Applying Jobs-to-be-Done Without Pretending
Most JTBD analyses are theatre. Here's how the Customer Job Agent grounds every job statement in evidence — and what to upload to make it work.
The problem with most JTBD analyses
Jobs-to-be-Done is a powerful framework — when applied rigorously. The problem is that most analyses cut corners: they restate features as "jobs," confuse demographics with motivations, and produce job statements that no real customer would recognise.
The Customer Job Agent in QuantShift AI is built to avoid those failure modes. Three rules drive it.
1. Every job is grounded in evidence
The agent will not surface a job that can't be supported by a direct quote or specific data point from the documents you uploaded. If you upload nothing, it falls back to public proxy data and clearly labels the analysis as lower-confidence.
2. Every job follows the structured format
"When [situation], I want to [motivation], so I can [outcome]." Vague jobs that don't follow this structure get rejected. This isn't pedantry — the structure forces you to identify the trigger, the motivation, and the desired outcome separately, which is what makes JTBD useful in the first place.

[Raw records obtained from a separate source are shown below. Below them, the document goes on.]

(* Let $r\ge1$, let $a_1,\dots,a_r\ge 2$ and $a,b$ be positive integers, and let $H_1,\dots,H_r$ be graphs. If $\max\{a_1,\dots,a_r\}\le a$ and $\max\{cl(H_1),\dots,cl(H_r)\}\le b$, then $$F_v(K_{a_1}[H_1],\dots,K_{a_r}[H_r];ab+1)\le F_v(a_1,\dots,a_r;a+1)\,F_v(H_1,\dots,H_r;b+1).$$
   Context: All graphs are finite and simple. "A graph $F$ contains $H$" means $F$ has a (not necessarily induced) subgraph isomorphic to $H$. An integer $a$ used in place of a graph denotes $K_a$. $cl(H)$ is the clique number of $H$. $G\rightarrow(H_1,\dots,H_r)^v$ means: for every partition $V(G)=X_1\cup\dots\cup X_r$ there is $i$ such that the subgraph induced by $X_i$ contains $H_i$. $\mathcal{F}_v(H_1,\dots,H_r;k)$ is the set of $K_k$-free graphs $G$ with $G\rightarrow(H_1,\dots,H_r)^v$, and the vertex Folkman number $F_v(H_1,\dots,H_r;k)$ is the minimum number of vertices of a graph in this set (these numbers are finite when $k>\max_i cl(H_i)$). The lexicographic product $G[H]$ has vertex set $V(G)\times V(H)$, with $\{(u_1,v_1),(u_2,v_2)\}$ an edge iff $\{u_1,u_2\}\in E(G)$, or $u_1=u_2$ and $\{v_1,v_2\}\in E(H)$. *)

theory Defs
  imports Main "HOL-Library.Extended_Nat"
begin

text \<open>A graph is a pair (vertex set, edge relation); edges are stored as ordered
  pairs, in both directions.\<close>
type_synonym 'a sgraph = "'a set \<times> ('a \<times> 'a) set"

definition verts :: "'a sgraph \<Rightarrow> 'a set" where "verts G = fst G"
definition edges :: "'a sgraph \<Rightarrow> ('a \<times> 'a) set" where "edges G = snd G"

definition wf_graph :: "'a sgraph \<Rightarrow> bool" where
  "wf_graph G \<longleftrightarrow> finite (verts G) \<and> edges G \<subseteq> verts G \<times> verts G
     \<and> (\<forall>u v. (u, v) \<in> edges G \<longrightarrow> (v, u) \<in> edges G)
     \<and> (\<forall>u. (u, u) \<notin> edges G)"

definition contains :: "'a sgraph \<Rightarrow> 'b sgraph \<Rightarrow> bool" where
  "contains F H \<longleftrightarrow> (\<exists>f. inj_on f (verts H) \<and> f ` verts H \<subseteq> verts F
     \<and> (\<forall>u v. (u, v) \<in> edges H \<longrightarrow> (f u, f v) \<in> edges F))"

definition complete :: "nat \<Rightarrow> nat sgraph" where
  "complete n = ({0..<n}, {(i, j). i < n \<and> j < n \<and> i \<noteq> j})"

definition cl :: "'a sgraph \<Rightarrow> nat" where
  "cl H = Max {k. contains H (complete k)}"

3. Trends matter as much as state
A job that's becoming more prominent over time is more strategically valuable than one that's stable. The agent estimates trend direction (growing / stable / declining) for every job — even when data is thin, it makes a defensible call and says so.
What to upload
The agent works best with first-party data: customer interview transcripts, support ticket exports, NPS surveys with open-ended responses, win/loss notes. Upload them as PDF or CSV. If you connect Notion via MCP, the agent can also pull research docs and meeting notes from there.
We don't currently support direct platform exports (Zendesk, Intercom, etc.) — you need to compile the data yourself first. We're keeping the data ingestion surface intentionally small while we get the analysis layer right.